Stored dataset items
◇ ◇ ◇ ◇ ◇ ◇ ◇

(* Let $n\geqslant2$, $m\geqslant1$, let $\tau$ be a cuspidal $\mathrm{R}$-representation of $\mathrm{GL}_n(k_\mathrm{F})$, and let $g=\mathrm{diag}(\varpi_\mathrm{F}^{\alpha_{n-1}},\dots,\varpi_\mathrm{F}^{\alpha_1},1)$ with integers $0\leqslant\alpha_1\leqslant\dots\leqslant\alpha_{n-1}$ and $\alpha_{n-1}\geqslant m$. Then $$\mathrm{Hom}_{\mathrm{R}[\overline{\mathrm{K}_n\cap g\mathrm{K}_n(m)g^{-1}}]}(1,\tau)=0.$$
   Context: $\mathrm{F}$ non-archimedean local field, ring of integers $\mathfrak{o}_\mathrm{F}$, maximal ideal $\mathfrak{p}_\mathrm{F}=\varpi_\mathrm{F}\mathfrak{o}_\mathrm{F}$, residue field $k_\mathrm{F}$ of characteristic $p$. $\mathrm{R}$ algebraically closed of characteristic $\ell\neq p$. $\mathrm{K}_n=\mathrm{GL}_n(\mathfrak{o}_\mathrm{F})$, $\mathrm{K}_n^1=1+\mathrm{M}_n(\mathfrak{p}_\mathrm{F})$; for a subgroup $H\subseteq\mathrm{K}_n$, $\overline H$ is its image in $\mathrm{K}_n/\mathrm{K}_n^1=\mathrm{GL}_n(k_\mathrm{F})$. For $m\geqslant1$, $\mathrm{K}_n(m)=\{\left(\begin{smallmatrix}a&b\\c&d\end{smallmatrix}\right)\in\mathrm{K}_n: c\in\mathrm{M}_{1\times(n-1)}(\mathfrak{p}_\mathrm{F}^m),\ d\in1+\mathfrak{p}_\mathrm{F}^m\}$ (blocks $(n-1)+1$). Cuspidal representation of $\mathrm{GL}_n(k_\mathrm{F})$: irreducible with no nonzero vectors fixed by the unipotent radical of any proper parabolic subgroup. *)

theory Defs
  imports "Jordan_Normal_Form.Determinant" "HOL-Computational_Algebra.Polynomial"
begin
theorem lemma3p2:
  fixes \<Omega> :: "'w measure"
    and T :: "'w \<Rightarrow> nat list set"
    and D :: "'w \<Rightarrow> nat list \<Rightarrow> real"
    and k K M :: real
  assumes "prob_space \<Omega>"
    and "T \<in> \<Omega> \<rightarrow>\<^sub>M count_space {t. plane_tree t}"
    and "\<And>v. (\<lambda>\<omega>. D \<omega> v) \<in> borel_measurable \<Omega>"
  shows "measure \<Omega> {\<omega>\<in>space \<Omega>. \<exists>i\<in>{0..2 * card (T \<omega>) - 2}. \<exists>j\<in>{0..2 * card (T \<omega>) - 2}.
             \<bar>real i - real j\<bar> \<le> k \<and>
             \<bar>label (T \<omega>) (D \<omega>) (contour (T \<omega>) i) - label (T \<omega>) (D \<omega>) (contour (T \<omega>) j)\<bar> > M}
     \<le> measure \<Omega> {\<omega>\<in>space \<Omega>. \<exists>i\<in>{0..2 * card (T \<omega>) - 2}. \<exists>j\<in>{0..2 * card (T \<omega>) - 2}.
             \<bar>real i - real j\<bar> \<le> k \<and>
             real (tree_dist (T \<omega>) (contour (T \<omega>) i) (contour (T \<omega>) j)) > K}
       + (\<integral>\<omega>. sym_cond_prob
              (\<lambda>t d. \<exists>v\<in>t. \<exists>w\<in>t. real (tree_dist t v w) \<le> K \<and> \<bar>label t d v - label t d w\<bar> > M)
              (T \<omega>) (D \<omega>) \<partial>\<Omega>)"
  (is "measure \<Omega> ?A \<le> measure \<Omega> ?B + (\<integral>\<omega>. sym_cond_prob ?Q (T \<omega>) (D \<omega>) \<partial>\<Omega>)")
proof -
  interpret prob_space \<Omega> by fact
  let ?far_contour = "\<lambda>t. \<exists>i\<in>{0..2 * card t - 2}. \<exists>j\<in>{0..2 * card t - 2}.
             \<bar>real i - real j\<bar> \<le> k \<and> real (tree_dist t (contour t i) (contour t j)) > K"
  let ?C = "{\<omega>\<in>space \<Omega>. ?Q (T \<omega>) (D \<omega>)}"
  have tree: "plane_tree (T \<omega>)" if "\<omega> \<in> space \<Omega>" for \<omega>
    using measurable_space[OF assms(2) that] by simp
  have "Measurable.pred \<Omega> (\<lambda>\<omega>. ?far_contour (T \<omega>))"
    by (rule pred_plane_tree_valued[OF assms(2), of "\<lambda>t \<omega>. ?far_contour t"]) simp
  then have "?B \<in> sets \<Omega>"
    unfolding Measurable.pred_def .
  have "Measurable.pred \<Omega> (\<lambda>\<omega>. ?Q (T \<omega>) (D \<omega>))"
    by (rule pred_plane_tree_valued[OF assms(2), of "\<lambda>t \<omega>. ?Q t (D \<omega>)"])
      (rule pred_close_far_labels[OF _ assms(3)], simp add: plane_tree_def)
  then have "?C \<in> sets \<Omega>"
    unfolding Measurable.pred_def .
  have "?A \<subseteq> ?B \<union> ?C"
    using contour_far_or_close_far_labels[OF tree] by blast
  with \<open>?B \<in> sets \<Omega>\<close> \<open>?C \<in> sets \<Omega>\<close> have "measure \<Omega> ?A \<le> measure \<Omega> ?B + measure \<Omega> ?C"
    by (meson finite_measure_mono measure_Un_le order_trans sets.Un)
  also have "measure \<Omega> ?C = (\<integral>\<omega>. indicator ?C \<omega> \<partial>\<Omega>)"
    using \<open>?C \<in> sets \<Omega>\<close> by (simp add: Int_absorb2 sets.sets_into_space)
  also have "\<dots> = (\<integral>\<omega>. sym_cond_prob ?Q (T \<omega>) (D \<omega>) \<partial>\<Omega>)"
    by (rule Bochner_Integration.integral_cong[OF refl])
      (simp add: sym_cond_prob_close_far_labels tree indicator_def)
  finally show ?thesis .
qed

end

◇ ◇ ◇ ◇ ◇ ◇ ◇

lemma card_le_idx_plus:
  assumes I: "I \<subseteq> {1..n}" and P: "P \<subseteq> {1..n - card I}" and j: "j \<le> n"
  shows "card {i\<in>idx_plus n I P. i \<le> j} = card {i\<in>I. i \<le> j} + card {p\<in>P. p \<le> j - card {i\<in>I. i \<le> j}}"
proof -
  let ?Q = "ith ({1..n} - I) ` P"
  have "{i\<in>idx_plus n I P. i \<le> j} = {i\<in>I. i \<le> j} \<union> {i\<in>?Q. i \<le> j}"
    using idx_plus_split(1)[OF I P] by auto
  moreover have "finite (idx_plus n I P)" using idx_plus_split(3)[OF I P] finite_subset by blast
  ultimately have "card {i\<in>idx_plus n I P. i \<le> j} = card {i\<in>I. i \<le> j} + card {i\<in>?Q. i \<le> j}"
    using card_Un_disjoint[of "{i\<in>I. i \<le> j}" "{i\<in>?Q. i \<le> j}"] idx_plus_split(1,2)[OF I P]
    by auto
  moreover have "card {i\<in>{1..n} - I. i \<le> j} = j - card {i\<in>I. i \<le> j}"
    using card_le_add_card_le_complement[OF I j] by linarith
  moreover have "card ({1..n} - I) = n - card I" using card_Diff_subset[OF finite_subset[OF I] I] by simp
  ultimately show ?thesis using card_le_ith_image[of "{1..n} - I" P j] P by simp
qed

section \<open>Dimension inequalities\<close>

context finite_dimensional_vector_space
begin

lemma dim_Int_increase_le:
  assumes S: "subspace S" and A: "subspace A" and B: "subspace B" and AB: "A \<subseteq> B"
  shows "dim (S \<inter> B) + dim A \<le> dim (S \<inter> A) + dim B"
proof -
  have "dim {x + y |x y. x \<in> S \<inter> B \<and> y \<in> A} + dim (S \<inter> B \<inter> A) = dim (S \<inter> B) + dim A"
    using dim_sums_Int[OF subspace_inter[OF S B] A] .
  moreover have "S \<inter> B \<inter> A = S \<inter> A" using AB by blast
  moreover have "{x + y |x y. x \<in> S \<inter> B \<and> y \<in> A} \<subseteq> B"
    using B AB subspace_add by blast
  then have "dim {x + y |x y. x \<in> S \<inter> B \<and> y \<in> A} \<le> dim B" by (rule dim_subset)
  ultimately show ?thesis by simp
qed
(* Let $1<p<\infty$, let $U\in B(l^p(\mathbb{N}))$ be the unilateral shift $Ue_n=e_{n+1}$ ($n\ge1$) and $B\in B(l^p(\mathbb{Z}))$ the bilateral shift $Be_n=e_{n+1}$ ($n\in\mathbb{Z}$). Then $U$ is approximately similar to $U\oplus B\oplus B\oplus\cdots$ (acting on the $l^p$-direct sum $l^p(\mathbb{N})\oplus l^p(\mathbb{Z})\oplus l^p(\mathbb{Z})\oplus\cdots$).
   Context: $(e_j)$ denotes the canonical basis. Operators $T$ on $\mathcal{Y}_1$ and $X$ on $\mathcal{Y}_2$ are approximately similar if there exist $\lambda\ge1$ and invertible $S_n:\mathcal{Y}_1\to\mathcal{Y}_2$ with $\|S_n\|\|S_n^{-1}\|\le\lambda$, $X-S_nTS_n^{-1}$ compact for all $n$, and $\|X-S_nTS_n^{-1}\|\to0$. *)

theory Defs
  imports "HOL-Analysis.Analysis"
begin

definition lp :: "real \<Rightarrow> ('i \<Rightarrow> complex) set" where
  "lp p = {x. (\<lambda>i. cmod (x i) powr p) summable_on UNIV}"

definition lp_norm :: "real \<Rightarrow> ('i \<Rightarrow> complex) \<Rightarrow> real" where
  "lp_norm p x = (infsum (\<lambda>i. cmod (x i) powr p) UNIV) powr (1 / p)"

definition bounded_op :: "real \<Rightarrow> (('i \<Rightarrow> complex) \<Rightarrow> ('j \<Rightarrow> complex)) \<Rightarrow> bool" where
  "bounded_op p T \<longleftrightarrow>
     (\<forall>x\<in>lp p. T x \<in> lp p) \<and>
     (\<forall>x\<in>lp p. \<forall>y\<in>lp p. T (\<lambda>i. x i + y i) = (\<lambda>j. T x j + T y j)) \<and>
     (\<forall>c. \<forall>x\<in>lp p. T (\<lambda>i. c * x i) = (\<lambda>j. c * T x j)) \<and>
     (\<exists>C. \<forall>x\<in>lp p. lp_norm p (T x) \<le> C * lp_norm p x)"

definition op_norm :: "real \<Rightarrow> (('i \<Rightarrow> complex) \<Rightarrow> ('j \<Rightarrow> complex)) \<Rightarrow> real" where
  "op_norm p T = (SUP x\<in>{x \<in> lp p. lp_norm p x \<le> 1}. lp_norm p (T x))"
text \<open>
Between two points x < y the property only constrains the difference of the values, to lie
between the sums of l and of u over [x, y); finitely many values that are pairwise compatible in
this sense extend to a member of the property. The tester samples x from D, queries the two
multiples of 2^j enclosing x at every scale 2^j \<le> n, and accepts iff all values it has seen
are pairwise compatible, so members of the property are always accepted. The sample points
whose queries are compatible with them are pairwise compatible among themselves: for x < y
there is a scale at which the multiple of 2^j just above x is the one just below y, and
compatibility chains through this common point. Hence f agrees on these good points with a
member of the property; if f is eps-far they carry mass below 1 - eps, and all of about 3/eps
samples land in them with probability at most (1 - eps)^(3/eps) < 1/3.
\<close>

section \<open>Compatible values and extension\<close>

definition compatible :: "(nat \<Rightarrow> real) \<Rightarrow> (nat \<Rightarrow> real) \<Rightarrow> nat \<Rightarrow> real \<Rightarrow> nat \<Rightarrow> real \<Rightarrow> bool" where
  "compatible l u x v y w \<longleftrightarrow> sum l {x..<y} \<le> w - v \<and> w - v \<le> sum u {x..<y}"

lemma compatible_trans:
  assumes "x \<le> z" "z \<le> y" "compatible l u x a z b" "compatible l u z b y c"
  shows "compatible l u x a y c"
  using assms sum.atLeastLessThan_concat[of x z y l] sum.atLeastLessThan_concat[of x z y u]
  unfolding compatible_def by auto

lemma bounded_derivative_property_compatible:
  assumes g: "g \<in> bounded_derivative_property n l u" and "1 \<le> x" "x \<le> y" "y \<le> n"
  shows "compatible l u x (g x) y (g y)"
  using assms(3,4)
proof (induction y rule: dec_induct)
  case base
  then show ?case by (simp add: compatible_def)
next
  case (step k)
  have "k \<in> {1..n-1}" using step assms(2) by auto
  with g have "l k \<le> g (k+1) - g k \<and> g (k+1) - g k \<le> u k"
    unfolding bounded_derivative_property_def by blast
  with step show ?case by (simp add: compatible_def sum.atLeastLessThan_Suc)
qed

◇ ◇ ◇ ◇ ◇ ◇ ◇

YOUR INSTRUCTIONS: Exactly how many lines of the records include "subseteq"? Provide the number by itself.

YOUR SOLUTION: 5